Change-Id: I6acb135a91e61570ea250f2f4133b47f11cd51ad
Reviewed-on: https://boringssl-review.googlesource.com/c/boringssl/+/55865
Commit-Queue: Adam Langley <agl@google.com>
Reviewed-by: David Benjamin <davidben@google.com>
diff --git a/crypto/fipsmodule/modes/gcm.c b/crypto/fipsmodule/modes/gcm.c
index 1a77ec0..a268bff 100644
--- a/crypto/fipsmodule/modes/gcm.c
+++ b/crypto/fipsmodule/modes/gcm.c
@@ -132,6 +132,20 @@
(*gcm_ghash_p)((ctx)->Xi.u, (ctx)->gcm_key.Htable, in, len)
#endif // GCM_FUNCREF
+#if defined(HW_GCM) && defined(OPENSSL_X86_64)
+static size_t hw_gcm_encrypt(const uint8_t *in, uint8_t *out, size_t len,
+ const AES_KEY *key, uint8_t ivec[16],
+ uint64_t *Xi) {
+ return aesni_gcm_encrypt(in, out, len, key, ivec, Xi);
+}
+
+static size_t hw_gcm_decrypt(const uint8_t *in, uint8_t *out, size_t len,
+ const AES_KEY *key, uint8_t ivec[16],
+ uint64_t *Xi) {
+ return aesni_gcm_decrypt(in, out, len, key, ivec, Xi);
+}
+#endif // HW_GCM && X86_64
+
void CRYPTO_ghash_init(gmult_func *out_mult, ghash_func *out_hash,
u128 *out_key, u128 out_table[16], int *out_is_avx,
const uint8_t gcm_key[16]) {
@@ -217,7 +231,7 @@
CRYPTO_ghash_init(&gcm_key->gmult, &gcm_key->ghash, &gcm_key->H,
gcm_key->Htable, &is_avx, ghash_key);
- gcm_key->use_aesni_gcm_crypt = (is_avx && block_is_hwaes) ? 1 : 0;
+ gcm_key->use_hw_gcm_crypt = (is_avx && block_is_hwaes) ? 1 : 0;
}
void CRYPTO_gcm128_setiv(GCM128_CONTEXT *ctx, const AES_KEY *key,
@@ -544,12 +558,12 @@
}
}
-#if defined(AESNI_GCM)
+#if defined(HW_GCM)
// Check |len| to work around a C language bug. See https://crbug.com/1019588.

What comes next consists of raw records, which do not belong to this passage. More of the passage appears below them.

(* Let $P$ be a convex polytope in $\mathbb{R}^D$ with vertices in $\mathbb{Z}^D$. Let $r>0$, and fix a set $F_r \subset B_r(nP)$. Let $A$ be chosen uniformly at random from all subsets $S\subset L(nP)$ such that $S\cap B_r(nP) = F_r$, and let $\mathbf{k}\in M_r(nP+nP)$. Then, for some constant $c > 0$ independent of $n$, $$\mathbb{P}[\mathbf{k} \notin A+A]\ \le\ c \left( \tfrac34 \right)^{ \left| L (nP \cap (\mathbf{k} - nP)) \right|/2}.$$
   Context: For $S \subset \mathbb{R}^D$, $L(S) = S\cap \mathbb{Z}^D$, and $nS$ is the dilation of $S$ by $n$ about the origin; $\mathbf{k}-nP = \{\mathbf{k}-\mathbf{x}:\mathbf{x}\in nP\}$. For a convex polytope $Q$ and $r>0$, $B_r(Q) = \{\mathbf{q}\in L(Q) : d(\mathbf{q},\mathbf{v})\le r \text{ for some vertex } \mathbf{v} \text{ of } Q\}$, with $d$ the Euclidean metric, and $M_r(Q) = L(Q)\setminus B_r(Q)$. For a set $A$, $A+A=\{a_1+a_2: a_1,a_2\in A\}$. *)

theory Defs
  imports "HOL-Analysis.Analysis" "HOL-Probability.Probability"
begin

definition lattice_pts :: "(real ^ 'D) set \<Rightarrow> (real ^ 'D) set" where
  "lattice_pts S = {x \<in> S. \<forall>i. x $ i \<in> \<int>}"

definition dil :: "nat \<Rightarrow> (real ^ 'D) set \<Rightarrow> (real ^ 'D) set" where
  "dil n S = (\<lambda>x. real n *\<^sub>R x) ` S"

definition sumset :: "(real ^ 'D) set \<Rightarrow> (real ^ 'D) set \<Rightarrow> (real ^ 'D) set" where
  "sumset A B = {a + b | a b. a \<in> A \<and> b \<in> B}"

definition refl_set :: "real ^ 'D \<Rightarrow> (real ^ 'D) set \<Rightarrow> (real ^ 'D) set" where
  "refl_set k S = (\<lambda>x. k - x) ` S"

definition near_vertices :: "real \<Rightarrow> (real ^ 'D) set \<Rightarrow> (real ^ 'D) set" where
  "near_vertices r Q = {q \<in> lattice_pts Q. \<exists>v. v extreme_point_of Q \<and> dist q v \<le> r}"

definition middle_pts :: "real \<Rightarrow> (real ^ 'D) set \<Rightarrow> (real ^ 'D) set" where
  "middle_pts r Q = lattice_pts Q - near_vertices r Q"

end

theory Submission
  imports Defs
begin

text \<open>
  Points of \<open>L(nP)\<close> that are not near a vertex are chosen independently with probability 1/2.
  If \<open>k \<notin> A + A\<close>, then for every pair \<open>{x, k - x}\<close> of such points in \<open>L(nP \<inter> (k - nP))\<close> at most
  one of \<open>x, k - x\<close> lies in \<open>A\<close>, an event of probability 3/4, independently over the pairs.
  The points near the vertices of \<open>nP\<close> are at most (number of vertices of \<open>P\<close>) \<times>
  (lattice points in a ball of radius \<open>r\<close>), a bound independent of \<open>n\<close>, so discarding the pairs
  meeting them (and the midpoint \<open>k/2\<close>) only costs a constant factor.
\<close>

lemma finite_lattice_pts:
  fixes S :: "(real^'D) set"
  assumes "bounded S"
  shows "finite (lattice_pts S)"
proof -
  obtain B where B: "\<forall>x\<in>S. norm x \<le> B" using assms bounded_iff by blast
  define K where "K = \<lceil>B\<rceil>"
  have "lattice_pts S \<subseteq> (\<lambda>f. \<chi> i. of_int (f i)) ` (\<Pi>\<^sub>E i\<in>UNIV. {-K..K})"
  proof
    fix x assume "x \<in> lattice_pts S"
    then have xS: "x \<in> S" and xi: "\<And>i. x $ i \<in> \<int>" by (auto simp: lattice_pts_def)
    have "\<lfloor>x $ i\<rfloor> \<in> {-K..K}" for i
    proof -
      have "\<bar>x $ i\<bar> \<le> B" using B xS component_le_norm_cart order_trans by blast
      moreover have "real_of_int \<lfloor>x $ i\<rfloor> = x $ i" using xi by (metis Ints_cases floor_of_int)
      moreover have "B \<le> real_of_int K" unfolding K_def by (rule le_of_int_ceiling)
      ultimately have "real_of_int (-K) \<le> real_of_int \<lfloor>x $ i\<rfloor> \<and> real_of_int \<lfloor>x $ i\<rfloor> \<le> real_of_int K"
        by auto
      then show ?thesis by (simp only: of_int_le_iff atLeastAtMost_iff)
    qed
    moreover have "x = (\<chi> i. of_int \<lfloor>x $ i\<rfloor>)" using xi by (simp add: vec_eq_iff)
    ultimately show "x \<in> (\<lambda>f. \<chi> i. of_int (f i)) ` (\<Pi>\<^sub>E i\<in>UNIV. {-K..K})"
      by (intro image_eqI[of _ _ "\<lambda>i. \<lfloor>x $ i\<rfloor>"]) auto
  qed
  moreover have "finite (\<Pi>\<^sub>E i\<in>(UNIV::'D set). {-K..K})" by (intro finite_PiE) auto
  ultimately show ?thesis by (meson finite_imageI finite_subset)
qed

lemma extreme_point_of_linear_imageD:
  assumes "linear f" "inj f" "y extreme_point_of f ` S"
  shows "\<exists>x. x extreme_point_of S \<and> y = f x"
proof -
  from assms(3) obtain x where x: "x \<in> S" "y = f x"
    by (auto simp: extreme_point_of_def)
  have "x extreme_point_of S"
    unfolding extreme_point_of_def
  proof (intro conjI ballI x(1) notI)
    fix a b assume "a \<in> S" "b \<in> S" "x \<in> open_segment a b"
    then show False
      using assms x open_segment_linear_image[OF assms(1,2)] by (auto simp: extreme_point_of_def)
  qed
  then show ?thesis using x by blast
qed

- if (ctx->gcm_key.use_aesni_gcm_crypt && len > 0) {
- // |aesni_gcm_encrypt| may not process all the input given to it. It may
+ if (ctx->gcm_key.use_hw_gcm_crypt && len > 0) {
+ // |hw_gcm_encrypt| may not process all the input given to it. It may
// not process *any* of its input if it is deemed too small.
- size_t bulk = aesni_gcm_encrypt(in, out, len, key, ctx->Yi.c, ctx->Xi.u);
+ size_t bulk = hw_gcm_encrypt(in, out, len, key, ctx->Yi.c, ctx->Xi.u);
in += bulk;
out += bulk;
len -= bulk;
@@ -632,12 +646,12 @@
}
}
-#if defined(AESNI_GCM)
+#if defined(HW_GCM)
// Check |len| to work around a C language bug. See https://crbug.com/1019588.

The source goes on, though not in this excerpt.